▸ **What is being asked**:
What is the count of lines below that include "moreover"? Reply with nothing else.

(Saved entries)

+++++

lemma UP_num_subtrees:
  "3 \<le> m \<Longrightarrow> num_subtrees_at (UP_V m) (UP_E m) (m - 1) = m + 3 \<and>
    2 * num_subtrees (UP_V m) (UP_E m) + 10 = m * m + 7 * m"
proof (induction m rule: nat_induct_at_least)
  case base
  have "UP_V 3 = {0, 1, 2}" unfolding UP_V_def by auto
  moreover have "{{i, i + 1} | i::nat. 2 \<le> i \<and> i + 1 < 3} = {}" by auto
  then have "UP_E 3 = {{0, 1}, {0, 2}, {1, 2}}" unfolding UP_E_def by auto
  ultimately show ?case using triangle_num_subtrees by simp
next
  case (Suc m)
  have simple: "simple_graph (insert m (UP_V m)) (insert {m - 1, m} (UP_E m))"
    using UP_simple[of "Suc m"] Suc.hyps UP_V_Suc UP_E_Suc[of m] by simp
  have "m - 1 \<in> UP_V m" "m \<notin> UP_V m" using Suc.hyps unfolding UP_V_def by auto
  note attached = graph_leaf_insert[OF simple this UP_E_avoids[OF Suc.hyps]]
  interpret graph_leaf "insert m (UP_V m)" "insert {m - 1, m} (UP_E m)" "m - 1" m by (rule attached(1))
  have "num_subtrees_at (UP_V (Suc m)) (UP_E (Suc m)) m = 1 + num_subtrees_at (UP_V m) (UP_E m) (m - 1)"
    using num_subtrees_at_leaf attached(2) \<open>m \<notin> UP_V m\<close> Suc.hyps UP_V_Suc UP_E_Suc[of m] by simp
  moreover have "num_subtrees (UP_V (Suc m)) (UP_E (Suc m)) =
      num_subtrees (UP_V m) (UP_E m) + 1 + num_subtrees_at (UP_V m) (UP_E m) (m - 1)"
    using num_subtrees_del_leaf attached(2) \<open>m \<notin> UP_V m\<close> Suc.hyps UP_V_Suc UP_E_Suc[of m] by simp
  ultimately show ?case using Suc.IH by (simp add: algebra_simps)
qed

+++++

▸ **Task output**:
2